text \<open>The complement of the image is the image of a compact set, hence closed.\<close>
lemma openin_canon_image:
  assumes "finite U" and "U \<subseteq> Gset" and "g \<in> U"
    and haus: "Hausdorff_space (subtopology K_top (real_faces U))"
    and N: "openin (top_of_set Pent) N"
    and saturated: "\<And>g' p' p. g' \<in> U \<Longrightarrow> p \<in> N \<Longrightarrow> canon g' p' = canon g p \<Longrightarrow> g' = g \<and> p' = p"
  shows "openin (subtopology K_top (real_faces U)) (canon g ` N)"
proof -
  let ?Y = "subtopology K_top (real_faces U)"
  let ?q = "\<lambda>(g, p). canon g p"
  define A where "A = U \<times> Pent - {g} \<times> N"
  have "?q ` A \<subseteq> real_faces U"
    by (auto simp: A_def real_faces_def)
  then have closed: "closedin ?Y (?q ` A)"
    using compactin_canon_image_complement[OF assms(1-3) N]
    by (intro compactin_imp_closedin[OF haus]) (simp add: compactin_subtopology A_def)
  have top: "topspace ?Y = real_faces U"
    using real_faces_subset_topspace[OF assms(2)] by auto
  have "canon g ` N = topspace ?Y - ?q ` A"
  proof
    show "canon g ` N \<subseteq> topspace ?Y - ?q ` A"
    proof
      fix y
      assume "y \<in> canon g ` N"
      then obtain p where p: "p \<in> N" "y = canon g p"
        by blast
      have "y \<in> real_faces U"
        using p openin_subset[OF N] assms(3) by (auto simp: real_faces_def)
      moreover have "y \<notin> ?q ` A"
      proof
        assume "y \<in> ?q ` A"
        then obtain g' p' where "(g', p') \<in> A" "canon g' p' = canon g p"
          using p(2) by auto
        then show False
          using saturated[of g' p p'] p(1) by (simp add: A_def)
      qed
      ultimately show "y \<in> topspace ?Y - ?q ` A"
        using top by blast
    qed
    show "topspace ?Y - ?q ` A \<subseteq> canon g ` N"
      by (force simp: top A_def real_faces_def)
  qed
  then show ?thesis
    using closed top by (metis openin_diff openin_topspace)
qed

lemma openin_preimage_interior_neighbourhood:
  assumes "continuous_map (top_of_set D) Y h" and "openin Y V" and "z \<in> interior D" and "h z \<in> V"
  obtains W where "open W" and "z \<in> W" and "W \<subseteq> D" and "h ` W \<subseteq> V"
proof -
  have "openin (top_of_set D) {w \<in> D. h w \<in> V}"
    using openin_continuous_map_preimage[OF assms(1,2)] by simp
  then obtain T where "open T" and T: "{w \<in> D. h w \<in> V} = D \<inter> T"
    by (auto simp: openin_open)
  show ?thesis
  proof (rule that[of "interior D \<inter> T"])
    show "open (interior D \<inter> T)"
      using \<open>open T\<close> by (simp add: open_Int)
    show "z \<in> interior D \<inter> T" "interior D \<inter> T \<subseteq> D" "h ` (interior D \<inter> T) \<subseteq> V"
      using assms(3,4) T interior_subset[of D] by auto
  qed
qed

lemma open_chart_point_in_interior:
  fixes h f :: "'b::euclidean_space \<Rightarrow> 'a"
  assumes hm: "homeomorphic_map (top_of_set D) Y h"
    and fm: "homeomorphic_map (top_of_set C) (subtopology Y (f ` C)) f"
    and "N \<subseteq> C" and open_N: "openin Y (f ` N)"
    and "x \<in> N" and "z \<in> interior D" and "h z = f x"
  shows "x \<in> interior C"
proof -
  have "h z \<in> f ` N"
    using assms(5,7) by simp
  then obtain W where W: "open W" "z \<in> W" "W \<subseteq> D" "h ` W \<subseteq> f ` N"
    using openin_preimage_interior_neighbourhood[OF homeomorphic_imp_continuous_map[OF hm] open_N assms(6)]
    by blast
  obtain k where "homeomorphic_maps (top_of_set C) (subtopology Y (f ` C)) f k"
    using fm homeomorphic_map_maps by blast
  then have k: "homeomorphic_map (subtopology Y (f ` C)) (top_of_set C) k"
    and k_f: "\<And>c. c \<in> C \<Longrightarrow> k (f c) = c"
    by (auto simp: homeomorphic_maps_map)
  have "f ` C \<subseteq> topspace Y"
    using continuous_map_image_subset_topspace[OF homeomorphic_imp_continuous_map[OF fm]] by simp
  then have hW: "h ` W \<subseteq> topspace (subtopology Y (f ` C))"
    using W(4) image_mono[OF assms(3), of f] by (simp only: topspace_subtopology) blast
  have "continuous_map (top_of_set W) (subtopology Y (f ` C)) h"
    using continuous_map_from_subtopology[OF homeomorphic_imp_continuous_map[OF hm], of W] W(3) hW
    by (simp add: continuous_map_in_subtopology subtopology_subtopology Int_absorb1
        image_subset_iff_funcset)
  then have kh: "continuous_map (top_of_set W) (top_of_set C) (k \<circ> h)"
    using homeomorphic_imp_continuous_map[OF k] continuous_map_compose by blast
  have "inj_on h W"
    using homeomorphic_imp_injective_map[OF hm] W(3) by (simp add: inj_on_subset)
  moreover have "inj_on k (h ` W)"
    using inj_on_subset[OF homeomorphic_imp_injective_map[OF k] hW] .
  ultimately have "inj_on (k \<circ> h) W"
    by (rule comp_inj_on)
  moreover have "continuous_on W (k \<circ> h)"
    using kh by (simp add: continuous_map_subtopology_eu)
  ultimately have "open ((k \<circ> h) ` W)"
    using invariance_of_domain W(1) by blast
  moreover have "x \<in> (k \<circ> h) ` W"
    using W(2) assms(3,5,7) k_f by (metis comp_apply image_eqI subsetD)
  moreover have "(k \<circ> h) ` W \<subseteq> C"
    using continuous_map_image_subset_topspace[OF kh] by simp
  ultimately show ?thesis
    using interior_maximal by blast
qed

lemma homeomorphic_map_canon:
  assumes "g \<in> Gset" and haus: "Hausdorff_space (subtopology K_top R)"
    and "compact C" and "C \<subseteq> Pent" and "canon g ` C \<subseteq> R" and "inj_on (canon g) C"
  shows "homeomorphic_map (top_of_set C) (subtopology (subtopology K_top R) (canon g ` C)) (canon g)"
proof (rule continuous_imp_homeomorphic_map)
  show "continuous_map (top_of_set C) (subtopology (subtopology K_top R) (canon g ` C)) (canon g)"
    using continuous_map_from_subtopology[OF continuous_map_canon[OF assms(1)], of C] assms(4,5)
    by (auto simp: continuous_map_in_subtopology subtopology_subtopology Int_absorb1)
  then show "canon g ` topspace (top_of_set C) = topspace (subtopology (subtopology K_top R) (canon g ` C))"
    using continuous_map_image_subset_topspace by fastforce
  show "compact_space (top_of_set C)"
    using assms(3) by (simp add: compact_space_subtopology)
  show "Hausdorff_space (subtopology (subtopology K_top R) (canon g ` C))"
    using haus by (rule Hausdorff_space_subtopology)
  show "inj_on (canon g) (topspace (top_of_set C))"
    using assms(6) by simp
qed

lemma side_midpoint_in_open_disc:
  assumes "U \<subseteq> Gset" and "g \<in> U" and "i < 5"
    and hm: "homeomorphic_map (top_of_set (cball (0::complex) 1)) (subtopology K_top (real_faces U)) h"
    and hs: "h ` sphere 0 1 = (\<Union>e \<in> set es. real_edge e)"
    and "face_edge g i \<notin> set es"
  obtains z where "z \<in> ball 0 1" and "h z = canon g (side_midpoint i)"
proof -
  let ?m = "side_midpoint i"
  have "canon g ?m = EdgePt (face_edge g i) (edge_param i (1/2))"
    using canon_side_point[OF assms(3)] side_midpoint_notin_boundary_except_side[OF assms(3)]
    by (simp add: side_midpoint_def)
  then have "canon g ?m \<notin> real_edge e" if "e \<in> set es" for e
    using that assms(6) by (auto simp: real_edge_def)
  then have not_sphere: "canon g ?m \<notin> h ` sphere 0 1"
    unfolding hs by blast
  have "canon g ?m \<in> real_faces U"
    using assms(2) side_point_in_Pent by (auto simp: real_faces_def side_midpoint_def)
  then have "canon g ?m \<in> h ` cball 0 1"
    using homeomorphic_imp_surjective_map[OF hm] real_faces_subset_topspace[OF assms(1)] by auto
  then obtain z where z: "canon g ?m = h z" "z \<in> cball 0 1"
    by (rule imageE)
  have "z \<notin> sphere 0 1"
    using z(1) not_sphere by (metis imageI)
  then have "z \<in> ball 0 1"
    using z(2) by (auto simp: le_less)
  then show ?thesis
    using that[of z] z(1) by simp
qed

lemma glued_only_near_unshared_side:
  assumes "U \<subseteq> Gset" and "g \<in> U" and "i < 5" and not_shared: "\<not> (i < 4 \<and> face_nbr i g \<in> U)"
  obtains d where "d > 0"
    and "\<And>p g' p'. p \<in> cball (side_midpoint i) d \<Longrightarrow> g' \<in> U \<Longrightarrow> canon g' p' = canon g p \<Longrightarrow>
           g' = g \<and> p' = p"
proof -
  obtain d where "d > 0" and d: "\<And>p. p \<in> boundary_except_side i \<Longrightarrow> d \<le> dist (side_midpoint i) p"
    using separate_point_closed[OF closed_boundary_except_side side_midpoint_notin_boundary_except_side]
      assms(3) by metis
  show ?thesis
  proof (rule that[of "d / 2"])
    fix p g' p'
    assume p: "p \<in> cball (side_midpoint i) (d / 2)" and g': "g' \<in> U" and eq: "canon g' p' = canon g p"
    show "g' = g \<and> p' = p"
    proof (rule canon_eq_canon_off_boundary[OF _ _ assms(3) _ _ eq])
      show "g \<in> Gset" "g' \<in> Gset"
        using assms(1,2) g' by blast+
      show "p \<notin> boundary_except_side i"
        using p d \<open>d > 0\<close> by fastforce
      show "g' \<noteq> face_nbr i g" if "i < 4"
        using not_shared g' that by blast
    qed
  qed (use \<open>d > 0\<close> in simp)
qed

ABOUT THIS TASK ->
Look through the entries and copy every line in which the string "that" appears.

SOLUTION FOR THIS PROBLEM ->
  proof (rule that[of "interior D \<inter> T"])
    using that assms(6) by (auto simp: real_edge_def)
    using that[of z] z(1) by simp
  proof (rule that[of "d / 2"])
        using not_shared g' that by blast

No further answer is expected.